Jérémy haussa plusieurs fois des sourcils en me faisant cette remarque. Il était le seul à qui j'avais confié mon béguin pour Jared. Bon, je ne lui avais pas vraiment confié mais il avait trouvé mon journal intime il y a quelques mois où j'avais inscrit un J et un K entrelaçaient. Il m'avait supplié de me révéler qui était le J mais, j'étais restée ferme, trop occupée à le taper avec le carnet en question. Il avait finalement trouvé la personne le jour où Jared m'avait fait un compliment sur une robe en cours que je portais et que j'avais piqué un fard. Jérémy avait alors tapé sur la table du plat de la main, ce qui lui avait valu 20 minutes de retenu. Mais il avait été un ami fidèle sans jamais m'embêter. Il faut dire, j'avais fouillé dans sa chambre en retour jusqu'à trouver une certaine photo de lui plus jeune déguisé en danseuse étoile. Il était entré en furie, m'arrachant la photo des mains.
- J'étais persuadé de les avoir toutes détruites, grogna-t-il.
- Tu m'en caches des choses Jérémy, fis-je en me redressant.
- Arrête, c'était mes grandes sœurs qui m'avaient forcé à faire ça.

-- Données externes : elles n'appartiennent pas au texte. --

(* Let $G$ be a finite group of even order and let $\mathcal{F}$ be a $1$-rotational $k$-factorization of $K_{\overline{G}}$. Then for every $F\in\mathcal{F}$, the $G$-stabilizer of $F$ contains at least one element of every conjugacy class of $G$ that contains involutions.
   Context: For a finite group $G$, $\overline{G}=G\cup\{\infty\}$, and $K_V$ denotes the complete graph on vertex set $V$. $G$ acts on $\overline{G}$ by right multiplication, with $\infty g=\infty$ for all $g\in G$; for a subgraph $F$ of $K_{\overline{G}}$ and $g\in G$, $Fg$ is the graph obtained by replacing every vertex $v$ by $vg$. A $k$-factor of $K_V$ is a spanning $k$-regular subgraph, and a $k$-factorization is a set of $k$-factors whose edge sets partition the edge set of $K_V$. A $k$-factorization $\mathcal{F}$ of $K_{\overline{G}}$ is $1$-rotational if $Fg\in\mathcal{F}$ for all $F\in\mathcal{F}$ and $g\in G$. The $G$-stabilizer of a factor $F$ is $\{g\in G: Fg=F\}$. An involution is an element of order $2$. *)

theory Defs
  imports "HOL-Algebra.Algebra"
begin

text \<open>Vertices of K over G-bar: Some g for g in G, None for infinity.
  A spanning subgraph of the complete graph is represented by its edge set
  (edges are 2-element sets of vertices).\<close>

definition vert :: "('a, 'b) monoid_scheme \<Rightarrow> 'a option set" where
  "vert G = Some ` carrier G \<union> {None}"

definition complete_edges :: "'v set \<Rightarrow> 'v set set" where
  "complete_edges V = {e. \<exists>u v. u \<in> V \<and> v \<in> V \<and> u \<noteq> v \<and> e = {u, v}}"

definition degree :: "'v set set \<Rightarrow> 'v \<Rightarrow> nat" where
  "degree F v = card {e \<in> F. v \<in> e}"

definition is_k_factor :: "nat \<Rightarrow> 'v set \<Rightarrow> 'v set set \<Rightarrow> bool" where
  "is_k_factor k V F \<longleftrightarrow> F \<subseteq> complete_edges V \<and> (\<forall>v\<in>V. degree F v = k)"

definition is_k_factorization :: "nat \<Rightarrow> 'v set \<Rightarrow> 'v set set set \<Rightarrow> bool" where
  "is_k_factorization k V FF \<longleftrightarrow>
     (\<forall>F\<in>FF. is_k_factor k V F) \<and> \<Union>FF = complete_edges V \<and>
     (\<forall>F1\<in>FF. \<forall>F2\<in>FF. F1 \<noteq> F2 \<longrightarrow> F1 \<inter> F2 = {})"

definition vact :: "('a, 'b) monoid_scheme \<Rightarrow> 'a option \<Rightarrow> 'a \<Rightarrow> 'a option" where
  "vact G v g = map_option (\<lambda>x. x \<otimes>\<^bsub>G\<^esub> g) v"

definition graph_act :: "('a, 'b) monoid_scheme \<Rightarrow> 'a option set set \<Rightarrow> 'a \<Rightarrow> 'a option set set" where
  "graph_act G F g = (\<lambda>e. (\<lambda>v. vact G v g) ` e) ` F"

definition one_rotational_k_factorization ::
  "('a, 'b) monoid_scheme \<Rightarrow> nat \<Rightarrow> 'a option set set set \<Rightarrow> bool" where
  "one_rotational_k_factorization G k FF \<longleftrightarrow>
     is_k_factorization k (vert G) FF \<and>
     (\<forall>F\<in>FF. \<forall>g\<in>carrier G. graph_act G F g \<in> FF)"

definition G_stabilizer :: "('a, 'b) monoid_scheme \<Rightarrow> 'a option set set \<Rightarrow> 'a set" where
  "G_stabilizer G F = {g \<in> carrier G. graph_act G F g = F}"

definition involution :: "('a, 'b) monoid_scheme \<Rightarrow> 'a \<Rightarrow> bool" where
  "involution G t \<longleftrightarrow> t \<in> carrier G \<and> group.ord G t = 2"

end

theory Submission
  imports Defs
begin

text \<open>Since the factors partition the edges and G permutes the factors, a translate Fg is the
  unique factor containing any one of its edges. Every non-empty factor contains an edge at
  infinity, and translating {\<infinity>, a} to {\<infinity>, b} shows that all non-empty factors form a single
  G-orbit (an empty factor, possible only for k = 0, is stabilised by all of G). For an
  involution t, the edge {1, t} is mapped to {t, 1} by t, so t stabilises the factor F'
  containing it; writing F' = Fg, the conjugate g t g\<inverse> stabilises F.\<close>

lemma vact_mult:
  assumes "group G" "v \<in> vert G" "g \<in> carrier G" "h \<in> carrier G"
  shows "vact G (vact G v g) h = vact G v (g \<otimes>\<^bsub>G\<^esub> h)"
  using assms by (auto simp: vact_def vert_def group.is_monoid monoid.m_assoc)

lemma vact_one:
  assumes "group G" "v \<in> vert G"
  shows "vact G v \<one>\<^bsub>G\<^esub> = v"
  using assms by (auto simp: vact_def vert_def group.is_monoid monoid.r_one)

lemma graph_act_mult:
  assumes "group G" "\<Union>F \<subseteq> vert G" "g \<in> carrier G" "h \<in> carrier G"
  shows "graph_act G (graph_act G F g) h = graph_act G F (g \<otimes>\<^bsub>G\<^esub> h)"
proof -
  have "(\<lambda>v. vact G v h) ` (\<lambda>v. vact G v g) ` e = (\<lambda>v. vact G v (g \<otimes>\<^bsub>G\<^esub> h)) ` e"
    if "e \<in> F" for e
    using that assms vact_mult[OF assms(1) _ assms(3,4)] unfolding image_image
    by (auto intro!: image_cong)
  then show ?thesis unfolding graph_act_def image_image by (auto intro!: image_cong)
qed

lemma graph_act_one:
  assumes "group G" "\<Union>F \<subseteq> vert G"
  shows "graph_act G F \<one>\<^bsub>G\<^esub> = F"
proof -
  have "(\<lambda>v. vact G v \<one>\<^bsub>G\<^esub>) ` e = e" if "e \<in> F" for e
    using that assms vact_one[OF assms(1)] by (auto simp: image_iff) (metis subsetD UnionI)
  then show ?thesis unfolding graph_act_def by simp
qed

lemma conj_mem_G_stabilizer:
  fixes G (structure)
  assumes "group G" "\<Union>F \<subseteq> vert G" "g \<in> carrier G"
    and "t \<in> G_stabilizer G (graph_act G F g)"
  shows "g \<otimes> t \<otimes> inv g \<in> G_stabilizer G F"
proof -
  interpret group G by fact
  have t: "t \<in> carrier G" and Fgt: "graph_act G (graph_act G F g) t = graph_act G F g"
    using assms(4) by (auto simp: G_stabilizer_def)
  have "graph_act G F (g \<otimes> t \<otimes> inv g) = graph_act G (graph_act G (graph_act G F g) t) (inv g)"
    using assms(1-3) t by (simp add: graph_act_mult)
  also have "\<dots> = graph_act G (graph_act G F g) (inv g)"
    using Fgt by simp
  also have "\<dots> = F"
    using assms(1-3) by (simp add: graph_act_mult graph_act_one)
  finally show ?thesis
    using assms(3) t by (simp add: G_stabilizer_def)
qed

lemma k_factorization_edges_subset_vert:
  assumes "is_k_factorization k V FF" "F \<in> FF"
  shows "\<Union>F \<subseteq> V"
  using assms by (auto simp: is_k_factorization_def is_k_factor_def complete_edges_def)

lemma k_factorization_factor_eqI:
  assumes "is_k_factorization k V FF" "F1 \<in> FF" "F2 \<in> FF" "e \<in> F1" "e \<in> F2"
  shows "F1 = F2"
  using assms unfolding is_k_factorization_def by blast

lemma one_rotational_graph_act_eqI:
  assumes "one_rotational_k_factorization G k FF" "F \<in> FF" "F' \<in> FF" "g \<in> carrier G"
    and "e \<in> F" "(\<lambda>v. vact G v g) ` e \<in> F'"
  shows "graph_act G F g = F'"
proof (rule k_factorization_factor_eqI)
  show "is_k_factorization k (vert G) FF" "graph_act G F g \<in> FF"
    using assms(1,2,4) by (auto simp: one_rotational_k_factorization_def)
  show "(\<lambda>v. vact G v g) ` e \<in> graph_act G F g"
    using assms(5) by (auto simp: graph_act_def)
qed (use assms in auto)

lemma finite_complete_edges: "finite V \<Longrightarrow> finite (complete_edges V)"
  by (rule finite_subset[of _ "Pow V"]) (auto simp: complete_edges_def)

lemma k_factor_has_edge_at_infinity:
  assumes "finite (carrier G)" "is_k_factor k (vert G) F" "F \<noteq> {}"
  shows "\<exists>a\<in>carrier G. {None, Some a} \<in> F"
proof -
  have sub: "F \<subseteq> complete_edges (vert G)" and deg: "\<forall>v\<in>vert G. degree F v = k"
    using assms(2) by (auto simp: is_k_factor_def)
  have "finite (vert G)"
    using assms(1) by (simp add: vert_def)
  then have fin: "finite F"
    using sub finite_complete_edges finite_subset by blast
  obtain e0 where "e0 \<in> F"
    using assms(3) by blast
  moreover obtain u v where "u \<in> vert G" "e0 = {u, v}"
    using \<open>e0 \<in> F\<close> sub unfolding complete_edges_def by blast
  ultimately have "0 < card {e \<in> F. u \<in> e}"
    using fin by (subst card_gt_0_iff) auto
  then have "k > 0"
    using deg \<open>u \<in> vert G\<close> unfolding degree_def by simp
  moreover have "degree F None = k"
    using deg by (simp add: vert_def)
  ultimately have "{e \<in> F. None \<in> e} \<noteq> {}"
    unfolding degree_def by force
  then obtain e where e: "e \<in> F" "None \<in> e"
    by blast
  obtain p q where "p \<in> vert G" "q \<in> vert G" "p \<noteq> q" "e = {p, q}"
    using e(1) sub unfolding complete_edges_def by blast
  then have "\<exists>a\<in>carrier G. e = {None, Some a}"
    using e(2) unfolding vert_def by auto
  then show ?thesis
    using e(1) by blast
qed

lemma one_rotational_nonempty_factors_single_orbit:
  fixes G (structure)
  assumes "group G" "finite (carrier G)" "one_rotational_k_factorization G k FF"
    and "F \<in> FF" "F \<noteq> {}" "F' \<in> FF" "F' \<noteq> {}"
  shows "\<exists>g\<in>carrier G. graph_act G F g = F'"
proof -
  interpret group G by fact
  have "is_k_factor k (vert G) F" "is_k_factor k (vert G) F'"
    using assms(3,4,6) by (auto simp: one_rotational_k_factorization_def is_k_factorization_def)
  then obtain a b where ab: "a \<in> carrier G" "{None, Some a} \<in> F" "b \<in> carrier G" "{None, Some b} \<in> F'"
    using k_factor_has_edge_at_infinity assms(2,5,7) by metis
  have "(\<lambda>v. vact G v (inv a \<otimes> b)) ` {None, Some a} = {None, Some b}"
    using ab by (simp add: vact_def m_assoc[symmetric])
  then have "graph_act G F (inv a \<otimes> b) = F'"
    using ab assms(3,4,6) by (intro one_rotational_graph_act_eqI[where e = "{None, Some a}"]) auto
  then show ?thesis
    using ab by blast
qed

lemma involution_fixes_edge:
  fixes G (structure)
  assumes "group G" "involution G t"
  shows "(\<lambda>v. vact G v t) ` {Some \<one>, Some t} = {Some \<one>, Some t}"
proof -
  interpret group G by fact
  have t: "t \<in> carrier G" "ord t = 2"
    using assms(2) by (auto simp: involution_def)
  then have "t \<otimes> t = \<one>"
    using pow_ord_eq_1[OF t(1)] by (simp add: numeral_2_eq_2)
  then show ?thesis
    using t by (auto simp: vact_def)
qed

lemma involution_stabilizes_factor:
  fixes G (structure)
  assumes "group G" "one_rotational_k_factorization G k FF" "involution G t"
  obtains F' where "F' \<in> FF" "F' \<noteq> {}" "t \<in> G_stabilizer G F'"
proof -
  interpret group G by fact
  have t: "t \<in> carrier G" "t \<noteq> \<one>"
    using assms(3) ord_eq_1 by (auto simp: involution_def)
  have fact: "is_k_factorization k (vert G) FF"
    using assms(2) by (simp add: one_rotational_k_factorization_def)
  have "{Some \<one>, Some t} \<in> complete_edges (vert G)"
    using t by (auto simp: complete_edges_def vert_def)
  then obtain F' where F': "F' \<in> FF" "{Some \<one>, Some t} \<in> F'"
    using fact unfolding is_k_factorization_def by blast
  then have "graph_act G F' t = F'"
    using involution_fixes_edge[OF assms(1,3)] assms(2) t
    by (intro one_rotational_graph_act_eqI[where e = "{Some \<one>, Some t}"]) auto
  with F' t show ?thesis
    by (intro that) (auto simp: G_stabilizer_def)
qed

theorem mainTheorem2:
  fixes G :: "('a, 'b) monoid_scheme" and k :: nat and FF :: "'a option set set set"
  assumes "group G"
    and "finite (carrier G)"
    and "even (order G)"
    and "one_rotational_k_factorization G k FF"
  shows "\<forall>F\<in>FF. \<forall>t. involution G t \<longrightarrow>
           (\<exists>x\<in>carrier G. inv\<^bsub>G\<^esub> x \<otimes>\<^bsub>G\<^esub> t \<otimes>\<^bsub>G\<^esub> x \<in> G_stabilizer G F)"
proof (intro ballI allI impI)
  fix F t
  assume F: "F \<in> FF" and t: "involution G t"
  interpret group G by fact
  have tG: "t \<in> carrier G"
    using t by (simp add: involution_def)
  show "\<exists>x\<in>carrier G. inv\<^bsub>G\<^esub> x \<otimes>\<^bsub>G\<^esub> t \<otimes>\<^bsub>G\<^esub> x \<in> G_stabilizer G F"
  proof (cases "F = {}")
    case True
    then show ?thesis
      using tG by (intro bexI[of _ "\<one>\<^bsub>G\<^esub>"]) (auto simp: G_stabilizer_def graph_act_def)
  next
    case False
    obtain F' where F': "F' \<in> FF" "F' \<noteq> {}" "t \<in> G_stabilizer G F'"
      using involution_stabilizes_factor[OF assms(1,4) t] .
    then obtain g where g: "g \<in> carrier G" "graph_act G F g = F'"
      using one_rotational_nonempty_factors_single_orbit[OF assms(1,2,4) F False] by blast
    have "\<Union>F \<subseteq> vert G"
      using assms(4) F by (intro k_factorization_edges_subset_vert) (auto simp: one_rotational_k_factorization_def)
    then have "g \<otimes>\<^bsub>G\<^esub> t \<otimes>\<^bsub>G\<^esub> inv\<^bsub>G\<^esub> g \<in> G_stabilizer G F"
      using conj_mem_G_stabilizer[OF assms(1) _ g(1)] g(2) F'(3) by blast
    then show ?thesis
      using g by (intro bexI[of _ "inv\<^bsub>G\<^esub> g"]) auto
  qed
qed

end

- T'inquiète, je ne dirais rien temps que tu ne diras rien.
- Je suis touché de voir jusqu'où va ta confiance en moi, avait-il répliqué. Tu as une vision tellement toxique de notre relation.
- Je fais en sorte que nos intérêts soient communs, répondis-je ne plissant des yeux. Je me rappelle de Doudou.
- Pour la dernière fois, la noyade de ta peluche était un accident.
Mais il avait serré ma main en signe de non-agression. Depuis, parfois il me lançait des petites piques sur Jared,juste pour que nous deux pouvions comprendre. Et jamais aucune méchanceté dedans. Mon amitié avec Jérémy était bien plus profonde que ça.
Revenue au présent, je lui jetais une fritte à la figure.
- Pourquoi cette remarque, tu es Jaloux ? demanda Andrew.
- Pour rappel, Jacob est tout aussi grand, fit remarquer Nadia.
- Tout à fait, approuvais-je.
- Mais pas en quelques semaines, rappela Sarah.
- Les poussées de croissance, ça existe, dis-je.
- Pas à notre âge, rétorqua Sarah
- Mais si, sermonna Andrew
- Mais non, refis Sarah
- Si.
- Non
- Si
- Non
Et ça dura tout le long du repas, jusqu'à ce que Sarah aille rejoindre le professeur de science pour lui demander et qu'Andrew se dirige vers la salle informatique pour vérifier l'information sur Internet.
Pour ma part, j'attendais la fin de ma journée pour mon heure de détention.